MEMBER for Mallee Anne Webster has denied claims The Nationals used grants programs to pork-barrel in the electorate.
Regional Development Minister Catherine King announced before Tuesday’s Budget the government was not proceeding with two funding programs she said “favoured” Nationals electorates.
Ms King said the Building Better Regions Fund round 6 would not proceed and the Community Development Grants program would close, with both to be replaced by new programs.
Dr Webster said the Coalition would not “accept the language of rorts or pork-barreling” coming from the government.
“It is offensive for regions like Mallee to have the Labor Government choose to frame any spending or investment in our communities as politicisation,” Dr Webster said.
“Councils across my electorate consider funding to them as necessary, not rorts.”
An Australian National Audit Office review of $1.15 billion in grants during the first five rounds of the BBRF resulted in Nationals electorates receiving $104 million – or 29 per cent – more funding than would have been awarded to recipients on a merit basis.
While it noted the BBRF was “partly effective and consistent” with grant guidelines, the July report concluded there was an “increasing disconnect” between the published merit criteria and applications approved by the ministerial panel.
Ms King said that despite the evidence, Coalition MPs defended the fund and attempted to “claim election promises as funded projects” while also ignoring “anything resembling proper process”.
Dr Webster this week blasted the government for scrapping of the grants, providing a list of projects she said were “committed to be funded” before the decision.
The Nationals announced an election promise in April to fund $13.5 million for a walking and cycling track along the Murray River, which Dr Webster said this week was part of the CDG program.
Dr Webster also announced $3.3 million before the election in May for new wet labs at La Trobe University in Mildura, which were also this week attributed to the CDG program.
No funding for the track or the labs was specifically detailed in the Coalition’s April 2022-23 Budget, handed down weeks before the election announcements.
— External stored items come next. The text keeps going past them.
definition orbit_space :: "nat \<Rightarrow> nat \<Rightarrow> nat set set \<Rightarrow> (nat \<Rightarrow> complex) set \<Rightarrow> (nat \<Rightarrow> complex) set topology" where
  "orbit_space d m K H = quotient_top (subtopology (cube_top m) (polyhedral_product d m K)) (\<lambda>x. setmul m H {x})"

definition chains :: "nat set set \<Rightarrow> nat set set set" where
  "chains K = {\<sigma>. \<sigma> \<noteq> {} \<and> \<sigma> \<subseteq> K \<and> (\<forall>I\<in>\<sigma>. \<forall>J\<in>\<sigma>. I \<subseteq> J \<or> J \<subseteq> I)}"

text \<open>Geometric simplex spanned by a chain (barycentric coordinates, zero outside the chain).\<close>
definition simplex_on :: "nat set set \<Rightarrow> (nat set \<Rightarrow> real) set" where
  "simplex_on \<sigma> = {t. (\<forall>I. 0 \<le> t I) \<and> (\<forall>I. I \<notin> \<sigma> \<longrightarrow> t I = 0) \<and> sum t \<sigma> = 1}"

definition simplex_top :: "nat set set \<Rightarrow> (nat set \<Rightarrow> real) topology" where
  "simplex_top \<sigma> = subtopology (product_topology (\<lambda>_. euclideanreal) UNIV) (simplex_on \<sigma>)"

definition NI :: "nat \<Rightarrow> nat \<Rightarrow> (nat \<Rightarrow> complex) set \<Rightarrow> nat set \<Rightarrow> (nat \<Rightarrow> complex) set" where
  "NI d m H I = gen_subgroup d m (GI d m I) H"

text \<open>Cell for a chain sigma: Delta^sigma x G/(G^{min sigma} H); min sigma = intersection.\<close>
definition hocolim_cells :: "nat \<Rightarrow> nat \<Rightarrow> nat set set \<Rightarrow> (nat \<Rightarrow> complex) set
    \<Rightarrow> (nat set set \<times> ((nat set \<Rightarrow> real) \<times> (nat \<Rightarrow> complex) set)) topology" where
  "hocolim_cells d m K H =
     sum_topology (\<lambda>\<sigma>. prod_topology (simplex_top \<sigma>) (coset_top d m (NI d m H (\<Inter>\<sigma>)))) (chains K)"

text \<open>Face identifications: a point (t, C) of the cell of sigma is identified with
  (t, image of C in G/(G^J H)), J the minimal face of the support of t.\<close>
definition hocolim_proj :: "nat \<Rightarrow> nat \<Rightarrow> (nat \<Rightarrow> complex) set
    \<Rightarrow> nat set set \<times> ((nat set \<Rightarrow> real) \<times> (nat \<Rightarrow> complex) set)
    \<Rightarrow> (nat set \<Rightarrow> real) \<times> (nat \<Rightarrow> complex) set" where
  "hocolim_proj d m H p =
     (case p of (\<sigma>, t, C) \<Rightarrow> (t, setmul m C (NI d m H (\<Inter>{I\<in>\<sigma>. t I \<noteq> 0}))))"

definition hocolim :: "nat \<Rightarrow> nat \<Rightarrow> nat set set \<Rightarrow> (nat \<Rightarrow> complex) set
    \<Rightarrow> ((nat set \<Rightarrow> real) \<times> (nat \<Rightarrow> complex) set) topology" where
  "hocolim d m K H = quotient_top (hocolim_cells d m K H) (hocolim_proj d m H)"

definition hocolim_act :: "nat \<Rightarrow> (nat \<Rightarrow> complex) set
    \<Rightarrow> (nat set \<Rightarrow> real) \<times> (nat \<Rightarrow> complex) set \<Rightarrow> (nat set \<Rightarrow> real) \<times> (nat \<Rightarrow> complex) set" where
  "hocolim_act m l p = (fst p, Lact m l (snd p))"

end

theory Submission
  imports Defs
begin

text \<open>The equivalence is an equivariant homeomorphism. A point of the cell of a chain
  \<open>\<sigma>\<close> of faces is a pair \<open>(t, c N)\<close> of barycentric weights \<open>t\<close> and a coset of
  \<open>N = G\<^sup>I H\<close>, where \<open>I\<close> is the smallest face of \<open>\<sigma>\<close> carrying weight. It is sent to the
  \<open>H\<close>-orbit of the point with phases \<open>c\<close> and radii \<open>r\<^sub>i = \<Sum>{t J | i \<notin> J}\<close>; these radii
  vanish exactly on \<open>I\<close>, which is why the coset of \<open>c\<close> determines the orbit. Conversely a radius
  vector with \<open>{r < 1} \<in> K\<close> comes from a unique point of a simplex: the level sets
  \<open>{r < v}\<close> form the chain and the weights are the gaps between consecutive levels. So the map is
  a continuous equivariant bijection; as the homotopy colimit is compact and the orbit space of the
  compact group \<open>H\<close> is Hausdorff, it is a homeomorphism.\<close>

lemma istopology_quotient_top:
  "istopology (\<lambda>U. U \<subseteq> q ` topspace X \<and> openin X {x \<in> topspace X. q x \<in> U})"
proof -
  have Int: "{x \<in> topspace X. q x \<in> S \<inter> T} = {x \<in> topspace X. q x \<in> S} \<inter> {x \<in> topspace X. q x \<in> T}"
    for S T by auto
  have Union: "{x \<in> topspace X. q x \<in> \<Union>\<U>} = (\<Union>U\<in>\<U>. {x \<in> topspace X. q x \<in> U})" for \<U>
    by auto
  show ?thesis
    unfolding istopology_def by (auto simp only: Int Union intro!: openin_Int openin_Union)
qed

lemma openin_quotient_top:
  "openin (quotient_top X q) U \<longleftrightarrow> U \<subseteq> q ` topspace X \<and> openin X {x \<in> topspace X. q x \<in> U}"
  unfolding quotient_top_def by (simp add: topology_inverse'[OF istopology_quotient_top])

lemma topspace_quotient_top [simp]: "topspace (quotient_top X q) = q ` topspace X"
proof -
  have "{x \<in> topspace X. q x \<in> q ` topspace X} = topspace X"
    by auto
  then have "openin (quotient_top X q) (q ` topspace X)"
    by (simp add: openin_quotient_top)
  then show ?thesis
    by (metis openin_subset openin_topspace subset_antisym openin_quotient_top)
qed

lemma quotient_map_quotient_top: "quotient_map X (quotient_top X q) q"
  unfolding quotient_map_def by (auto simp: openin_quotient_top)

lemma continuous_map_quotient_top: "continuous_map X (quotient_top X q) q"
  using quotient_map_quotient_top quotient_imp_continuous_map by blast

lemma continuous_map_from_quotient_top:
  "continuous_map X Y (f \<circ> q) \<Longrightarrow> continuous_map (quotient_top X q) Y f"
  using continuous_compose_quotient_map[OF quotient_map_quotient_top] .

lemma compact_space_quotient_top: "compact_space X \<Longrightarrow> compact_space (quotient_top X q)"
  using image_compactin[OF _ continuous_map_quotient_top, of X "topspace X" q]
  by (simp add: compact_space_def)

lemma continuous_map_from_sum_topology:
  assumes "\<And>i. i \<in> I \<Longrightarrow> continuous_map (X i) Y (\<lambda>x. f (i, x))"
  shows "continuous_map (sum_topology X I) Y f"
  unfolding continuous_map_def
proof (intro conjI allI impI)
  show "f \<in> topspace (sum_topology X I) \<rightarrow> topspace Y"
    using assms by (auto simp: continuous_map_def Pi_iff)
next
  fix U assume U: "openin Y U"
  show "openin (sum_topology X I) {x \<in> topspace (sum_topology X I). f x \<in> U}"
    unfolding openin_sum_topology
  proof (intro conjI ballI)
    fix i assume i: "i \<in> I"
    have "{x. (i, x) \<in> {x \<in> topspace (sum_topology X I). f x \<in> U}} = {x \<in> topspace (X i). f (i, x) \<in> U}"
      using i by auto
    then show "openin (X i) {x. (i, x) \<in> {x \<in> topspace (sum_topology X I). f x \<in> U}}"
      using assms[OF i] U by (simp add: continuous_map_def)
  qed auto
qed

lemma compact_space_sum_topology:
  assumes "finite I" "\<And>i. i \<in> I \<Longrightarrow> compact_space (X i)"
  shows "compact_space (sum_topology X I)"
proof -
  have "topspace (sum_topology X I) = (\<Union>i\<in>I. (\<lambda>x. (i, x)) ` topspace (X i))"
    by auto
  moreover have "compactin (sum_topology X I) ((\<lambda>x. (i, x)) ` topspace (X i))" if "i \<in> I" for i
    using image_compactin continuous_map_component_injection[OF that] assms(2)[OF that]
    by (metis compact_space_def)
  ultimately show ?thesis
    unfolding compact_space_def using assms(1) by (auto intro!: compactin_Union)
qed

lemma equivariant_homotopy_equivalent_if_homeomorphic_map:
  assumes f: "homeomorphic_map Y X f" and eq: "equivariant L actY actX Y f"
    and actX: "\<And>l x. l \<in> L \<Longrightarrow> x \<in> topspace X \<Longrightarrow> actX l x \<in> topspace X"
    and actY: "\<And>l y. l \<in> L \<Longrightarrow> y \<in> topspace Y \<Longrightarrow> actY l y \<in> topspace Y"
  shows "equivariant_homotopy_equivalent L X actX Y actY"
proof -
  obtain g where fg: "homeomorphic_maps Y X f g"
    using f homeomorphic_map_maps by blast
  then have cf: "continuous_map Y X f" and cg: "continuous_map X Y g"
    and gf: "\<And>y. y \<in> topspace Y \<Longrightarrow> g (f y) = y"
    and fg': "\<And>x. x \<in> topspace X \<Longrightarrow> f (g x) = x"
    by (auto simp: homeomorphic_maps_def)
  have g_in: "g x \<in> topspace Y" if "x \<in> topspace X" for x
    using cg that by (auto simp: continuous_map_def)
  have "equivariant L actX actY X g"
    unfolding equivariant_def
  proof (intro ballI)
    fix l x assume l: "l \<in> L" and x: "x \<in> topspace X"
    have "f (g (actX l x)) = f (actY l (g x))"
      using eq l x g_in actX fg' unfolding equivariant_def by simp
    then show "g (actX l x) = actY l (g x)"
      by (metis actX actY g_in gf l x)
  qed
  moreover have "homotopic_with (equivariant L actX actX X) X X (f \<circ> g) id"
    by (rule homotopic_with_equal)
      (use continuous_map_compose[OF cg cf] fg' actX in \<open>auto simp: equivariant_def\<close>)
  moreover have "homotopic_with (equivariant L actY actY Y) Y Y (g \<circ> f) id"
    by (rule homotopic_with_equal)
      (use continuous_map_compose[OF cf cg] gf actY in \<open>auto simp: equivariant_def\<close>)
  ultimately show ?thesis
    unfolding equivariant_homotopy_equivalent_def using cf cg eq by blast
qed

lemma gmul_apply: "gmul m a b i = (if i < m then a i * b i else undefined)"
  by (simp add: gmul_def)

lemma gmul_extensional [simp]: "gmul m a b \<in> extensional {..<m}"
  by (simp add: gmul_def)

lemma gmul_assoc: "gmul m (gmul m a b) c = gmul m a (gmul m b c)"
  by (auto simp: fun_eq_iff gmul_apply mult.assoc)

lemma gmul_commute: "gmul m a b = gmul m b a"
  by (auto simp: fun_eq_iff gmul_apply mult.commute)

lemma gone_extensional [simp]: "gone m \<in> extensional {..<m}"
  by (simp add: gone_def)

lemma gmul_gone_left: "x \<in> extensional {..<m} \<Longrightarrow> gmul m (gone m) x = x"
  by (auto simp: fun_eq_iff gmul_apply gone_def extensional_def)

lemma one_in_Sph [simp]: "1 \<in> Sph d"
  by (simp add: Sph_def)

lemma Sph_mult: "a \<in> Sph d \<Longrightarrow> b \<in> Sph d \<Longrightarrow> a * b \<in> Sph d"
  by (auto simp: Sph_def norm_mult)

lemma Sph_inverse: "a \<in> Sph d \<Longrightarrow> inverse a \<in> Sph d"
  by (auto simp: Sph_def norm_inverse)

lemma Sph_nonzero: "a \<in> Sph d \<Longrightarrow> a \<noteq> 0"
  by (auto simp: Sph_def)

lemma Gm_iff: "g \<in> Gm d m \<longleftrightarrow> g \<in> extensional {..<m} \<and> (\<forall>i<m. g i \<in> Sph d)"
  by (auto simp: Gm_def PiE_def Pi_def)

lemma gmul_in_Gm: "a \<in> Gm d m \<Longrightarrow> b \<in> Gm d m \<Longrightarrow> gmul m a b \<in> Gm d m"
  by (auto simp: Gm_iff gmul_apply intro: Sph_mult)

lemma ginv_in_Gm: "a \<in> Gm d m \<Longrightarrow> ginv m a \<in> Gm d m"
  by (auto simp: Gm_iff ginv_def intro: Sph_inverse)

lemma gmul_ginv_cancel_left:
  "a \<in> Gm d m \<Longrightarrow> x \<in> extensional {..<m} \<Longrightarrow> gmul m a (gmul m (ginv m a) x) = x"
  by (auto simp: fun_eq_iff gmul_apply ginv_def Gm_iff Sph_nonzero extensional_def)

lemma ginv_gmul_cancel_left:
  "a \<in> Gm d m \<Longrightarrow> x \<in> extensional {..<m} \<Longrightarrow> gmul m (ginv m a) (gmul m a x) = x"
  by (auto simp: fun_eq_iff gmul_apply ginv_def Gm_iff Sph_nonzero extensional_def)

lemma is_subgroupD:
  assumes "is_subgroup d m N"
  shows "N \<subseteq> Gm d m" "gone m \<in> N" "g \<in> N \<Longrightarrow> h \<in> N \<Longrightarrow> gmul m g h \<in> N"
    "g \<in> N \<Longrightarrow> ginv m g \<in> N"
  using assms by (auto simp: is_subgroup_def)

lemma setmul_iff: "z \<in> setmul m A B \<longleftrightarrow> (\<exists>a\<in>A. \<exists>b\<in>B. z = gmul m a b)"
  by (auto simp: setmul_def)

lemma setmulI: "a \<in> A \<Longrightarrow> b \<in> B \<Longrightarrow> gmul m a b \<in> setmul m A B"
  by (auto simp: setmul_def)

lemma setmul_singletons [simp]: "setmul m {a} {b} = {gmul m a b}"
  by (auto simp: setmul_def)

lemma setmul_commute: "setmul m A B = setmul m B A"
  by (auto simp: setmul_iff) (use gmul_commute in blast)+

lemma setmul_assoc: "setmul m (setmul m A B) C = setmul m A (setmul m B C)"
proof (intro set_eqI iffI)
  fix z assume "z \<in> setmul m (setmul m A B) C"
  then obtain a b c where "a \<in> A" "b \<in> B" "c \<in> C" "z = gmul m a (gmul m b c)"
    by (auto simp: setmul_iff gmul_assoc)
  then show "z \<in> setmul m A (setmul m B C)"
    by (simp add: setmulI)
next
  fix z assume "z \<in> setmul m A (setmul m B C)"
  then obtain a b c where "a \<in> A" "b \<in> B" "c \<in> C" "z = gmul m (gmul m a b) c"
    by (auto simp: setmul_iff gmul_assoc)
  then show "z \<in> setmul m (setmul m A B) C"
    by (simp add: setmulI)
qed

lemma setmul_mono: "A \<subseteq> A' \<Longrightarrow> B \<subseteq> B' \<Longrightarrow> setmul m A B \<subseteq> setmul m A' B'"
  by (auto simp: setmul_def)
Dr Webster moved to dismiss any notion of false promises, saying the Coalition had “committed to funding under the provision of good governance”.
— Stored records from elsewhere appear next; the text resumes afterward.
lemma CX_fam_Int_common_representative:
  fixes \<X> \<Y> :: "'a::metric_space set set"
  assumes bX: "big_family \<X>" and bY: "big_family \<Y>"
    and \<mu>1: "\<mu>1 \<in> CX n \<X>" and \<mu>2: "\<mu>2 \<in> CX n \<Y>"
    and null: "(\<lambda>A. \<mu>1 A - \<mu>2 A) \<in> CX_null n (fam_Un \<X> \<Y>)"
  shows "\<exists>\<mu>\<in>CX n (fam_Int \<X> \<Y>). (\<lambda>A. \<mu>1 A - \<mu> A) \<in> CX_null n \<X> \<and> (\<lambda>A. \<mu>2 A - \<mu> A) \<in> CX_null n \<Y>"
proof -
  have alt: "alt_chain n \<mu>1 A = alt_chain n \<mu>2 A" for A
    using alt_chain_CX_null[OF null, of A] by (simp add: alt_chain_diff)
  define \<mu> where "\<mu> = (\<lambda>A. alt_chain n \<mu>1 A / fact (Suc n))"
  have \<mu>_eq: "\<mu> = (\<lambda>A. alt_chain n \<mu>2 A / fact (Suc n))"
    unfolding \<mu>_def alt ..
  have "\<mu> = (\<lambda>A. inverse (fact (Suc n)) * alt_chain n \<mu>1 A)"
    unfolding \<mu>_def by (simp add: divide_inverse_commute del: fact_Suc)
  then have "\<mu> \<in> CX n \<X>" "\<mu> \<in> CX n \<Y>"
    using alt_chain_in_CX[OF \<mu>1] alt_chain_in_CX[OF \<mu>2] alt by simp_all
  then have "\<mu> \<in> CX n (fam_Int \<X> \<Y>)" using CX_fam_Int[OF bX bY] by blast
  moreover have "(\<lambda>A. \<mu>1 A - \<mu> A) \<in> CX_null n \<X>"
    unfolding \<mu>_def by (rule CX_minus_alt_chain_in_CX_null[OF \<mu>1])
  moreover have "(\<lambda>A. \<mu>2 A - \<mu> A) \<in> CX_null n \<Y>"
    unfolding \<mu>_eq by (rule CX_minus_alt_chain_in_CX_null[OF \<mu>2])
  ultimately show ?thesis by blast
qed

theorem proposition3p10:
  fixes \<X> \<Y> :: "'a::metric_space set set"
  assumes proper: "\<forall>(x::'a) r. compact (cball x r)"
    and bX: "big_family \<X>" and bY: "big_family \<Y>"
  shows
    \<comment> \<open>plain coarse chains: well-defined maps, exactness in each degree, chain maps\<close>
    "(\<forall>n.
       (\<forall>\<mu>\<in>CX n (fam_Int \<X> \<Y>). \<mu> \<in> CX n \<X> \<and> \<mu> \<in> CX n \<Y>) \<and>
       (\<forall>\<mu>1\<in>CX n \<X>. \<forall>\<mu>2\<in>CX n \<Y>. (\<lambda>A. \<mu>1 A - \<mu>2 A) \<in> CX n (fam_Un \<X> \<Y>)) \<and>
       (\<forall>\<mu>\<in>CX n (fam_Int \<X> \<Y>). (\<mu>, \<mu>) = ((\<lambda>_. 0), (\<lambda>_. 0)) \<longrightarrow> \<mu> = (\<lambda>_. 0)) \<and>
       (\<forall>\<mu>\<in>CX n (fam_Int \<X> \<Y>). (\<lambda>A. \<mu> A - \<mu> A) = (\<lambda>_. 0)) \<and>
       (\<forall>\<mu>1\<in>CX n \<X>. \<forall>\<mu>2\<in>CX n \<Y>. (\<lambda>A. \<mu>1 A - \<mu>2 A) = (\<lambda>_. 0) \<longrightarrow>
          (\<exists>\<mu>\<in>CX n (fam_Int \<X> \<Y>). (\<mu>1, \<mu>2) = (\<mu>, \<mu>))) \<and>
       (\<forall>\<nu>\<in>CX n (fam_Un \<X> \<Y>). \<exists>\<mu>1\<in>CX n \<X>. \<exists>\<mu>2\<in>CX n \<Y>. \<nu> = (\<lambda>A. \<mu>1 A - \<mu>2 A)) \<and>
       (0 < n \<longrightarrow> (\<forall>\<mu>1\<in>CX n \<X>. \<forall>\<mu>2\<in>CX n \<Y>.
          bdry n (\<lambda>A. \<mu>1 A - \<mu>2 A) = (\<lambda>B. bdry n \<mu>1 B - bdry n \<mu>2 B))))
   \<and>
    \<comment> \<open>anti-symmetric quotients CX^alpha = CX / CX_null, via representatives\<close>
    (\<forall>n.
       CX_null n (fam_Int \<X> \<Y>) \<subseteq> CX_null n \<X> \<inter> CX_null n \<Y> \<and>
       (\<forall>\<mu>1\<in>CX_null n \<X>. \<forall>\<mu>2\<in>CX_null n \<Y>. (\<lambda>A. \<mu>1 A - \<mu>2 A) \<in> CX_null n (fam_Un \<X> \<Y>)) \<and>
       (\<forall>\<mu>\<in>CX n (fam_Int \<X> \<Y>). \<mu> \<in> CX_null n \<X> \<and> \<mu> \<in> CX_null n \<Y> \<longrightarrow>
          \<mu> \<in> CX_null n (fam_Int \<X> \<Y>)) \<and>
       (\<forall>\<mu>1\<in>CX n \<X>. \<forall>\<mu>2\<in>CX n \<Y>. (\<lambda>A. \<mu>1 A - \<mu>2 A) \<in> CX_null n (fam_Un \<X> \<Y>) \<longrightarrow>
          (\<exists>\<mu>\<in>CX n (fam_Int \<X> \<Y>). (\<lambda>A. \<mu>1 A - \<mu> A) \<in> CX_null n \<X> \<and>
                                     (\<lambda>A. \<mu>2 A - \<mu> A) \<in> CX_null n \<Y>)) \<and>
       (\<forall>\<nu>\<in>CX n (fam_Un \<X> \<Y>). \<exists>\<mu>1\<in>CX n \<X>. \<exists>\<mu>2\<in>CX n \<Y>.
          (\<lambda>A. \<nu> A - (\<mu>1 A - \<mu>2 A)) \<in> CX_null n (fam_Un \<X> \<Y>)))"
proof (intro allI conjI)
  fix n
  note CX_Int = CX_fam_Int[OF bX bY, of n]
  show "\<forall>\<mu>\<in>CX n (fam_Int \<X> \<Y>). \<mu> \<in> CX n \<X> \<and> \<mu> \<in> CX n \<Y>"
    using CX_Int by blast
  show "\<forall>\<mu>1\<in>CX n \<X>. \<forall>\<mu>2\<in>CX n \<Y>. (\<lambda>A. \<mu>1 A - \<mu>2 A) \<in> CX n (fam_Un \<X> \<Y>)"
    using CX_diff_fam_Un by blast
  show "\<forall>\<mu>\<in>CX n (fam_Int \<X> \<Y>). (\<mu>, \<mu>) = ((\<lambda>_. 0), (\<lambda>_. 0)) \<longrightarrow> \<mu> = (\<lambda>_. 0)"
    and "\<forall>\<mu>\<in>CX n (fam_Int \<X> \<Y>). (\<lambda>A. \<mu> A - \<mu> A) = (\<lambda>_. 0)"
    by simp_all
  show "\<forall>\<mu>1\<in>CX n \<X>. \<forall>\<mu>2\<in>CX n \<Y>. (\<lambda>A. \<mu>1 A - \<mu>2 A) = (\<lambda>_. 0) \<longrightarrow>
      (\<exists>\<mu>\<in>CX n (fam_Int \<X> \<Y>). (\<mu>1, \<mu>2) = (\<mu>, \<mu>))"
  proof (intro ballI impI)
    fix \<mu>1 \<mu>2 assume "\<mu>1 \<in> CX n \<X>" "\<mu>2 \<in> CX n \<Y>" "(\<lambda>A. \<mu>1 A - \<mu>2 A) = (\<lambda>_. 0)"
    moreover from this(3) have "\<mu>1 = \<mu>2" by (simp add: fun_eq_iff)
    ultimately show "\<exists>\<mu>\<in>CX n (fam_Int \<X> \<Y>). (\<mu>1, \<mu>2) = (\<mu>, \<mu>)" using CX_Int by blast
  qed
  show "\<forall>\<nu>\<in>CX n (fam_Un \<X> \<Y>). \<exists>\<mu>1\<in>CX n \<X>. \<exists>\<mu>2\<in>CX n \<Y>. \<nu> = (\<lambda>A. \<mu>1 A - \<mu>2 A)"
    using CX_fam_Un_decompose[OF bX bY] by blast
  show "0 < n \<longrightarrow> (\<forall>\<mu>1\<in>CX n \<X>. \<forall>\<mu>2\<in>CX n \<Y>.
      bdry n (\<lambda>A. \<mu>1 A - \<mu>2 A) = (\<lambda>B. bdry n \<mu>1 B - bdry n \<mu>2 B))"
    using bdry_diff[OF proper] CX_imp_coarse_chain by blast
  show "CX_null n (fam_Int \<X> \<Y>) \<subseteq> CX_null n \<X> \<inter> CX_null n \<Y>"
    using CX_null_mono CX_fam_Int_subset by (meson le_inf_iff)
  show "\<forall>\<mu>1\<in>CX_null n \<X>. \<forall>\<mu>2\<in>CX_null n \<Y>. (\<lambda>A. \<mu>1 A - \<mu>2 A) \<in> CX_null n (fam_Un \<X> \<Y>)"
    using CX_null_diff_fam_Un[OF bX bY] by blast
  show "\<forall>\<mu>\<in>CX n (fam_Int \<X> \<Y>). \<mu> \<in> CX_null n \<X> \<and> \<mu> \<in> CX_null n \<Y> \<longrightarrow>
      \<mu> \<in> CX_null n (fam_Int \<X> \<Y>)"
    using CX_null_iff_alt_chain_eq_0 CX_Int by blast
  show "\<forall>\<mu>1\<in>CX n \<X>. \<forall>\<mu>2\<in>CX n \<Y>. (\<lambda>A. \<mu>1 A - \<mu>2 A) \<in> CX_null n (fam_Un \<X> \<Y>) \<longrightarrow>
      (\<exists>\<mu>\<in>CX n (fam_Int \<X> \<Y>). (\<lambda>A. \<mu>1 A - \<mu> A) \<in> CX_null n \<X> \<and> (\<lambda>A. \<mu>2 A - \<mu> A) \<in> CX_null n \<Y>)"
    using CX_fam_Int_common_representative[OF bX bY] by blast
  show "\<forall>\<nu>\<in>CX n (fam_Un \<X> \<Y>). \<exists>\<mu>1\<in>CX n \<X>. \<exists>\<mu>2\<in>CX n \<Y>.
      (\<lambda>A. \<nu> A - (\<mu>1 A - \<mu>2 A)) \<in> CX_null n (fam_Un \<X> \<Y>)"
  proof
    fix \<nu> assume "\<nu> \<in> CX n (fam_Un \<X> \<Y>)"
    then obtain \<mu>1 \<mu>2 where "\<mu>1 \<in> CX n \<X>" "\<mu>2 \<in> CX n \<Y>" "\<nu> = (\<lambda>A. \<mu>1 A - \<mu>2 A)"
      using CX_fam_Un_decompose[OF bX bY] by blast
    then show "\<exists>\<mu>1\<in>CX n \<X>. \<exists>\<mu>2\<in>CX n \<Y>. (\<lambda>A. \<nu> A - (\<mu>1 A - \<mu>2 A)) \<in> CX_null n (fam_Un \<X> \<Y>)"
      by (intro bexI[of _ \<mu>1] bexI[of _ \<mu>2]) (simp_all add: zero_in_CX_null)
  qed
qed

end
The immediate future of the $5.8 million wet labs project, which La Trobe university committed $2.5 million toward, hung in the balance ahead of Labor’s first Budget.
A spokesperson for La Trobe University said the organisation was looking forward to finding out more about the new government’s plans following the Budget.
The labs would allow the university to introduce a biomedical science course at Mildura in 2024.
But Dr Webster said she had been informed that funding for the labs would not be approved in Tuesday’s Budget, but “potentially” in next May’s Budget.
Aside from Murray River Trails, other CDG projects included a $2.5 million Karinie Street Reconstruction project at Swan Hill and $290,000 for upgrades Castle Crossing Road in Nangiloc.
Ms King said $1 billion would be committed in the Budget over three years for the Growing Regions Program, for regional local councils and not-for-profit organisations, and the Precincts and Partnership Program, for larger scale projects.
She said CDG projects “properly accounted for up to the Pre-Election Economic and Fiscal Outlook” would be funded through two new programs.